4.2. Chronology and Sedimentation Rate

The calibrated AMS 14C dates are presented in Table 2, indicating that the top two metres of the section represent sediment deposition from the Late Pleistocene to Mid-Holocene. All analysed sediment samples maintain stratigraphic order, with no observed age reversals. The Aht horizon sample (unit-4) at 25 cm depth yielded an age of 6422 ± 41 14C year BP (7202 ± 41 cal year BP). The Bt horizon (unit-3) palaeosol sample at 75 cm depth yielded an age of 6849 ± 41 14C year BP (7892 ± 42 cal year BP). The cambisol (unit-2) sample at 125 cm depth provided an age of 9639 ± 53 14C year BP (10,830 ± 68 cal year BP). The Bt/Bck horizon (unit-2) sample from 205 cm depth yielded an age of 11,521 ± 48 14C year BP (13,396 ± 51 cal year BP).
The age–depth model applied to the entire lithosection (Figure 3e) reveals fluctuating sedimentation rates during the Pleistocene–Holocene transition, with a notably high sedimentation rate during the Early to Mid–Holocene period. A significant increase in sediment accumulation rates (~72.46 cm/ka) is observed around 75 cm depth (Figure 3e), coinciding with a shift in sediment grain size, indicating changes in sediment production processes in the catchment area. Overall, diverse sedimentation rates are recorded across different units in the section (Figure 3e).

4.3. Bulk Geochemistry

The major oxide concentrations (wt%) in the Makaibagh palaeosol section are detailed in Supplementary Material Table S2. The section displays variability in normalized Al2O3 and SiO2 contents, ranging from 17.09 to 19.59 wt% (mean: 18.15 ± 0.60) and 53.96 to 61.23 wt%, (mean: 57.83 ± 1.64), respectively.

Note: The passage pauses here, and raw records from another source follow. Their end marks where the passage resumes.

(* Let $\alpha\in(1,2]$ and let $\beta$ be given by $\frac1\alpha+\frac1\beta=1$. Let $W$ be a random variable with values in $[0,\infty)$ satisfying \[ \Pr(W\le t)=\int_0^t\frac{\Pr(W>t-v)}{v^{1/\alpha}}\,dv\qquad\forall t>0. \] Then \[ \mathbb E[e^{-sW}]=\frac{1}{1+c_\beta s^{1/\beta}}\qquad\forall s>0,\quad\text{where } c_\beta:=\Gamma\!\left(\tfrac1\beta\right)^{-1}. \] In particular, $W$ has the same distribution as $c_\beta^\beta\,\mathcal E^\beta\,\mathcal G_{1/\beta}$, where $\mathcal E$ and $\mathcal G_{1/\beta}$ are independent, $\Pr(\mathcal E>t)=e^{-t}$, and $\mathbb E[e^{-s\mathcal G_{1/\beta}}]=e^{-s^{1/\beta}}$ for $s>0$.
   Context: $\Gamma(\cdot)$ is Euler's Gamma function. *)

theory Defs
  imports "HOL-Probability.Probability"
begin

end

theory Submission
  imports Defs
begin

text \<open>
  Put \<open>a = 1/\<beta> = 1 - 1/\<alpha>\<close>, \<open>F(t) = P(W \<le> t)\<close>, \<open>T(t) = P(W > t)\<close> and \<open>\<phi>(s) = E[exp(-sW)]\<close>.
  The hypothesis says that \<open>F\<close> is the convolution of \<open>T\<close> with \<open>v\<^sup>a\<^sup>-\<^sup>1\<close> on \<open>(0,\<infinity>)\<close>. Taking Laplace
  transforms, with \<open>\<L>F(s) = \<phi>(s)/s\<close>, \<open>\<L>T(s) = (1 - \<phi>(s))/s\<close> and \<open>\<L>(v\<^sup>a\<^sup>-\<^sup>1)(s) = \<Gamma>(a)/s\<^sup>a\<close>,
  gives \<open>\<phi> = \<Gamma>(a) s\<^sup>-\<^sup>a (1 - \<phi>)\<close>, i.e. \<open>\<phi>(s) = 1/(1 + s\<^sup>a/\<Gamma>(a))\<close>.
  Conditioning on \<open>\<E>\<close>, the Laplace transform of \<open>c\<^sup>\<beta> \<E>\<^sup>\<beta> \<G>\<close> at \<open>s\<close> is \<open>E[exp(-c s\<^sup>a \<E>)] = 1/(1 + c s\<^sup>a)\<close>,
  the same function. Finally, a distribution on \<open>[0,\<infinity>)\<close> is determined by its Laplace transform
  at the integers: by Stone--Weierstrass, polynomials in \<open>exp(-x)\<close> approximate the continuous
  step functions that bound its distribution function.
\<close>

lemma (in prob_space) integrable_exp_neg_mult:
  fixes X :: "'a \<Rightarrow> real" and s :: real
  assumes "X \<in> borel_measurable M" "AE x in M. 0 \<le> X x" "0 \<le> s"
  shows "integrable M (\<lambda>x. exp (- s * X x))"
proof (rule integrable_const_bound[of _ 1])
  show "AE x in M. norm (exp (- s * X x)) \<le> 1"
    using assms(2) by eventually_elim (use assms(3) in simp)
qed (use assms(1) in measurable)

lemma (in prob_space) abs_integral_diff_le:
  fixes f g :: "'a \<Rightarrow> real"
  assumes f: "integrable M f" and fg: "(\<lambda>x. f x - g x) \<in> borel_measurable M"
    and bound: "AE x in M. \<bar>f x - g x\<bar> \<le> e"
  shows "\<bar>integral\<^sup>L M f - integral\<^sup>L M g\<bar> \<le> e"
proof -
  have int_fg: "integrable M (\<lambda>x. f x - g x)"
    by (rule integrable_const_bound[of _ e]) (use fg bound in auto)
  then have "integrable M g"
    using Bochner_Integration.integrable_diff[OF f int_fg] by simp
  then have "integral\<^sup>L M f - integral\<^sup>L M g = (\<integral>x. f x - g x \<partial>M)"
    using f by simp
  also have "\<bar>\<dots>\<bar> \<le> (\<integral>x. \<bar>f x - g x\<bar> \<partial>M)"
    by (rule integral_abs_bound)
  also have "\<dots> \<le> e"
    using int_fg bound by (intro integral_le_const) auto
  finally show ?thesis .
qed

section \<open>Laplace transforms determine distributions on the half-line\<close>

lemma integral_polynomial_exp_eq:
  assumes P: "real_distribution P" and Q: "real_distribution Q"
    and P0: "AE x in P. 0 \<le> x" and Q0: "AE x in Q. 0 \<le> x"
    and laplace: "\<And>n::nat. (\<integral>x. exp (- real n * x) \<partial>P) = (\<integral>x. exp (- real n * x) \<partial>Q)"
    and p: "real_polynomial_function p"
  shows "(\<integral>x. p (exp (- x)) \<partial>P) = (\<integral>x. p (exp (- x)) \<partial>Q)"
proof -
  obtain a n where p_eq: "p = (\<lambda>x. \<Sum>i\<le>n. a i * x ^ i)"
    using p real_polynomial_function_iff_sum by blast
  have exp_power: "exp (- x) ^ i = exp (- real i * x)" for x :: real and i
    by (metis exp_of_nat_mult mult_minus_left mult_minus_right)
  have "(\<integral>x. (\<Sum>i\<le>n. a i * exp (- real i * x)) \<partial>R) = (\<Sum>i\<le>n. a i * (\<integral>x. exp (- real i * x) \<partial>R))"
    if "real_distribution R" "AE x in R. 0 \<le> x" for R
  proof -
    interpret real_distribution R by fact
    show ?thesis
      using integrable_exp_neg_mult[of "\<lambda>x. x"] that(2) by (simp add: integrable_mult_right)
  qed
  from this[OF P P0] this[OF Q Q0] show ?thesis
    unfolding p_eq exp_power using laplace by simp
qed

lemma borel_measurable_comp_exp_neg:
  fixes h :: "real \<Rightarrow> real"
  assumes "continuous_on UNIV h"
  shows "(\<lambda>x. h (exp (- x))) \<in> borel_measurable borel"
  by (intro borel_measurable_continuous_onI continuous_on_compose2[OF assms])
     (auto intro!: continuous_intros)

lemma integral_continuous_exp_eq:
  fixes f :: "real \<Rightarrow> real"
  assumes P: "real_distribution P" and Q: "real_distribution Q"
    and P0: "AE x in P. 0 \<le> x" and Q0: "AE x in Q. 0 \<le> x"
    and laplace: "\<And>n::nat. (\<integral>x. exp (- real n * x) \<partial>P) = (\<integral>x. exp (- real n * x) \<partial>Q)"
    and f: "continuous_on UNIV f" and f_bound: "\<And>u. \<bar>f u\<bar> \<le> 1"
  shows "(\<integral>x. f (exp (- x)) \<partial>P) = (\<integral>x. f (exp (- x)) \<partial>Q)"
proof -
  have close: "\<bar>(\<integral>x. f (exp (- x)) \<partial>P) - (\<integral>x. f (exp (- x)) \<partial>Q)\<bar> \<le> 0 + 2 * e" if e: "e > 0" for e
  proof -
    obtain g where g: "polynomial_function g" and approx: "\<forall>u\<in>{0..1}. norm (f u - g u) < e"
      using Stone_Weierstrass_polynomial_function[of "{0..1::real}" f e] e
        continuous_on_subset[OF f] by auto
    have "(\<lambda>x. f (exp (- x)) - g (exp (- x))) \<in> borel_measurable borel"
      using borel_measurable_comp_exp_neg[OF f]
        borel_measurable_comp_exp_neg[OF continuous_on_polymonial_function[OF g]]
      by measurable
    then have approx_integral:
      "\<bar>(\<integral>x. f (exp (- x)) \<partial>R) - (\<integral>x. g (exp (- x)) \<partial>R)\<bar> \<le> e"
      if "real_distribution R" "AE x in R. 0 \<le> x" for R
    proof -
      interpret real_distribution R by fact
      show ?thesis
      proof (rule abs_integral_diff_le)
        show "integrable R (\<lambda>x. f (exp (- x)))"
          by (rule integrable_const_bound[of _ 1])
             (use f_bound borel_measurable_comp_exp_neg[OF f] in auto)
        show "AE x in R. \<bar>f (exp (- x)) - g (exp (- x))\<bar> \<le> e"
          using that(2) by eventually_elim (use approx in \<open>auto intro: less_imp_le\<close>)
      qed (use \<open>_ \<in> borel_measurable borel\<close> in auto)
    qed
    have "(\<integral>x. g (exp (- x)) \<partial>P) = (\<integral>x. g (exp (- x)) \<partial>Q)"
      by (rule integral_polynomial_exp_eq[OF P Q P0 Q0 laplace])
         (simp add: real_polynomial_function_eq g)
    then show ?thesis
      using approx_integral[OF P P0] approx_integral[OF Q Q0] by linarith
  qed
  have "\<bar>(\<integral>x. f (exp (- x)) \<partial>P) - (\<integral>x. f (exp (- x)) \<partial>Q)\<bar> \<le> 0"
    by (rule field_le_epsilon) (use close[of "e / 2" for e] in simp)
  then show ?thesis by simp
qed

lemma cdf_le_of_laplace_eq:
  assumes P: "real_distribution P" and Q: "real_distribution Q"
    and P0: "AE x in P. 0 \<le> x" and Q0: "AE x in Q. 0 \<le> x"
    and laplace: "\<And>n::nat. (\<integral>x. exp (- real n * x) \<partial>P) = (\<integral>x. exp (- real n * x) \<partial>Q)"
    and "a < b"
  shows "cdf P a \<le> cdf Q b"
proof -
  interpret P: real_distribution P by fact
  interpret Q: real_distribution Q by fact
  define c d where "c = - exp (- a)" and "d = - exp (- b)"
  have "c < d" using \<open>a < b\<close> by (simp add: c_def d_def)
  \<comment> \<open>\<open>f (exp (-x))\<close> is \<open>1\<close> for \<open>x \<le> a\<close>, \<open>0\<close> for \<open>x \<ge> b\<close>, and continuous in between.\<close>
  define f where "f = (\<lambda>u. cts_step c d (- u))"
  have f_cont: "continuous_on UNIV f"
    unfolding f_def
    by (intro continuous_on_compose2[OF uniformly_continuous_imp_continuous[OF
          cts_step_uniformly_continuous[OF \<open>c < d\<close>]]]) (auto intro!: continuous_intros)
  have f_bound: "\<bar>f u\<bar> \<le> 1" for u
    using \<open>c < d\<close> by (auto simp: f_def cts_step_def field_simps)
  note f_meas = borel_measurable_comp_exp_neg[OF f_cont]
  have exp_less: "- exp (- b) < - exp (- x)" if "\<not> x \<le> b" for x :: real
    using that by simp
  have "cdf P a = (\<integral>x. indicator {..a} x \<partial>P)"
    by (simp add: cdf_def)
  also have "\<dots> \<le> (\<integral>x. f (exp (- x)) \<partial>P)"
    by (intro integral_mono P.integrable_const_bound[of _ 1])
       (use f_meas f_bound \<open>c < d\<close> in \<open>auto simp: f_def cts_step_def c_def split: split_indicator\<close>)
  also have "\<dots> = (\<integral>x. f (exp (- x)) \<partial>Q)"
    by (rule integral_continuous_exp_eq[OF P Q P0 Q0 laplace f_cont f_bound])
  also have "\<dots> \<le> (\<integral>x. indicator {..b} x \<partial>Q)"
    by (intro integral_mono Q.integrable_const_bound[of _ 1])
       (use f_meas f_bound \<open>c < d\<close> in
         \<open>auto simp: f_def cts_step_def d_def split: split_indicator dest: exp_less\<close>)
  also have "\<dots> = cdf Q b"
    by (simp add: cdf_def)
  finally show ?thesis .
qed

lemma cdf_le_cdf_of_laplace_eq:
  assumes P: "real_distribution P" and Q: "real_distribution Q"
    and P0: "AE x in P. 0 \<le> x" and Q0: "AE x in Q. 0 \<le> x"
    and laplace: "\<And>n::nat. (\<integral>x. exp (- real n * x) \<partial>P) = (\<integral>x. exp (- real n * x) \<partial>Q)"
  shows "cdf P a \<le> cdf Q a"
proof (rule tendsto_lowerbound)
  show "(cdf Q \<longlongrightarrow> cdf Q a) (at_right a)"
    using finite_borel_measure.cdf_is_right_cont[OF real_distribution.finite_borel_measure_M[OF Q]]
    by (simp add: continuous_within)
  show "\<forall>\<^sub>F b in at_right a. cdf P a \<le> cdf Q b"
    using eventually_at_right_less[of a]
    by eventually_elim (rule cdf_le_of_laplace_eq[OF P Q P0 Q0 laplace])
qed simp

lemma real_distribution_eq_of_laplace_eq:
  assumes P: "real_distribution P" and Q: "real_distribution Q"
    and P0: "AE x in P. 0 \<le> x" and Q0: "AE x in Q. 0 \<le> x"
    and laplace: "\<And>n::nat. (\<integral>x. exp (- real n * x) \<partial>P) = (\<integral>x. exp (- real n * x) \<partial>Q)"
  shows "P = Q"
  using cdf_le_cdf_of_laplace_eq[OF P Q P0 Q0 laplace] cdf_le_cdf_of_laplace_eq[OF Q P Q0 P0 laplace[symmetric]]
  by (intro cdf_unique[OF P Q] ext antisym)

The abundance of Fe2O3 ranged from 7.01 to 10.75 wt% (mean: 9.13 ± 0.89), while CaO and MgO exhibited abundance ranging from 12.41 to 7.11 wt% (mean: 4.55 ± 1.31) and 2.95 to 6.46 (mean: 4.88 ± 0.76) wt%, respectively. K2O and Na2O concentrations ranged from 2.04 to 3.27 wt% (mean: 2.69 ± 0.31) and 1.01 to 1.64 wt% (mean: 1.40 ± 0.16), respectively. P2O5 concentration ranged from 0.11 to 0.22 wt% (mean: 0.18 ± 0.02)); that of TiO2 from 0.78 to 1.21 wt% (mean: 1.03 ± 0.11); and MnO concentration was in the range of 0.14 to 0.21 wt% (mean: 0.17 ± 0.02) in the Makaibagh palaeosol section.
The selected geochemical ratios were calculated and are shown in Figure 4. The Chemical Index of Alteration (CIA), which ranged from 69.10 to 74.20 (mean: 70.65 ± 1.40), was used to assess the degree of chemical weathering. The Chemical Index of Weathering (CIW) showed distinct variation across different depths and varied from 69.10 to 74.20 (mean: 70.65 ± 1.40). Overall, these geochemical ratios effectively captured the Pleistocene–Holocene climatic transition, revealing diverse depositional conditions.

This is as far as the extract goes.